Task:
What lines below mention the word "definition"? Copy each one.

----- Dataset entries -----

(* Let $p_0=1$, $p_1=1$, $p_2=2$ and $p_n=2p_{n-1}+p_{n-2}$ for $n\ge 3$. Then $|S_n(123,2143,3214)|=p_n$ for all $n\ge0$; equivalently $$\sum_{n\ge0}|S_n(123,2143,3214)|\,x^n=\frac{1-x-x^2}{1-2x-x^2}.$$ *)

theory Defs
  imports Main "HOL-Combinatorics.Multiset_Permutations"
begin

definition contains_pattern :: "nat list \<Rightarrow> nat list \<Rightarrow> bool" where
  "contains_pattern w s \<longleftrightarrow>
     (\<exists>idx :: nat \<Rightarrow> nat.
        strict_mono_on {..<length s} idx \<and>
        (\<forall>j<length s. idx j < length w) \<and>
        (\<forall>a<length s. \<forall>b<length s. (s ! a < s ! b \<longleftrightarrow> w ! (idx a) < w ! (idx b))))"

definition avoiders :: "nat \<Rightarrow> nat list set \<Rightarrow> nat list set" where
  "avoiders n P = {w \<in> permutations_of_set {1..n}. \<forall>s\<in>P. \<not> contains_pattern w s}"

fun pseq :: "nat \<Rightarrow> nat" where
  "pseq 0 = 1"
| "pseq (Suc 0) = 1"
| "pseq (Suc (Suc 0)) = 2"
| "pseq (Suc (Suc (Suc n))) = 2 * pseq (Suc (Suc n)) + pseq (Suc n)"

end

theory Submission
  imports Defs "HOL-Library.Sublist"
begin

text \<open>
  Let w avoid 123, 2143 and 3214 and let N be its largest entry. Two entries before N
  would have to form a descent y < x (else x y N is a 123); an entry z between that
  descent and N would give the 123 y z N or the 3214 x y z N; and if N stands third, every
  later entry is below x (else x y N t is a 2143), so x is the second largest entry. Hence
  w is N v, a N v or (N-1) b N v. Conversely, a new maximum can be inserted at either of
  the first two positions without creating an occurrence, because the maximum of none of
  the three patterns sits among its first two entries; and N-1 b N v is as safe as b v,
  since an occurrence of 123 or 2143 starting with N-1 would need two larger entries,
  while 3214 has its maximum last. Deleting N, respectively N-1 and N, is thus a bijection
  from S_N(123,2143,3214) onto two copies of S_(N-1) and one of S_(N-2), whence
  p_N = 2 p_(N-1) + p_(N-2).
\<close>

lemma subseq_Cons_right_iff:
  "subseq xs (y # ys) \<longleftrightarrow> subseq xs ys \<or> (\<exists>xs'. xs = y # xs' \<and> subseq xs' ys)"
  by (cases xs) (auto dest: subseq_Cons')

lemma set_mono_subseq: "subseq xs ys \<Longrightarrow> set xs \<subseteq> set ys"
  by (induction rule: list_emb.induct) auto

lemma subseq_iff_strict_mono_indices:
  "subseq u w \<longleftrightarrow>
     (\<exists>idx. strict_mono_on {..<length u} idx \<and>
            (\<forall>j<length u. idx j < length w \<and> u ! j = w ! idx j))"
  (is "_ \<longleftrightarrow> (\<exists>idx. ?indices u w idx)")
proof
  assume "subseq u w"
  then show "\<exists>idx. ?indices u w idx"
  proof induction
    case (list_emb_Nil ys)
    show ?case by (auto intro: strict_mono_onI)
  next
    case (list_emb_Cons xs ys y)
    then obtain idx where "?indices xs ys idx" by blast
    then show ?case
      by (intro exI[of _ "Suc \<circ> idx"]) (auto simp: strict_mono_on_def)
  next
    case (list_emb_Cons2 x y xs ys)
    then obtain idx where "?indices xs ys idx" by blast
    with \<open>x = y\<close> show ?case
      by (intro exI[of _ "\<lambda>j. case j of 0 \<Rightarrow> 0 | Suc j \<Rightarrow> Suc (idx j)"])
        (auto simp: strict_mono_on_def nth_Cons split: nat.split)
  qed
next
  assume "\<exists>idx. ?indices u w idx"
  then obtain idx where mono: "strict_mono_on {..<length u} idx"
    and idx: "\<forall>j<length u. idx j < length w \<and> u ! j = w ! idx j" by blast
  have "subseq (map idx [0..<length u]) [0..<length w]"
    using mono idx by (intro sorted_subset_imp_subseq)
      (auto simp: sorted_wrt_iff_nth_less strict_mono_on_def)
  then have "subseq (map ((!) w) (map idx [0..<length u])) (map ((!) w) [0..<length w])"
    by (rule subseq_map)
  moreover have "map ((!) w) (map idx [0..<length u]) = u"
    using idx by (intro nth_equalityI) auto
  ultimately show "subseq u w" by (simp add: map_nth)
qed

-----

Output for this exercise:
definition contains_pattern :: "nat list \<Rightarrow> nat list \<Rightarrow> bool" where
definition avoiders :: "nat \<Rightarrow> nat list set \<Rightarrow> nat list set" where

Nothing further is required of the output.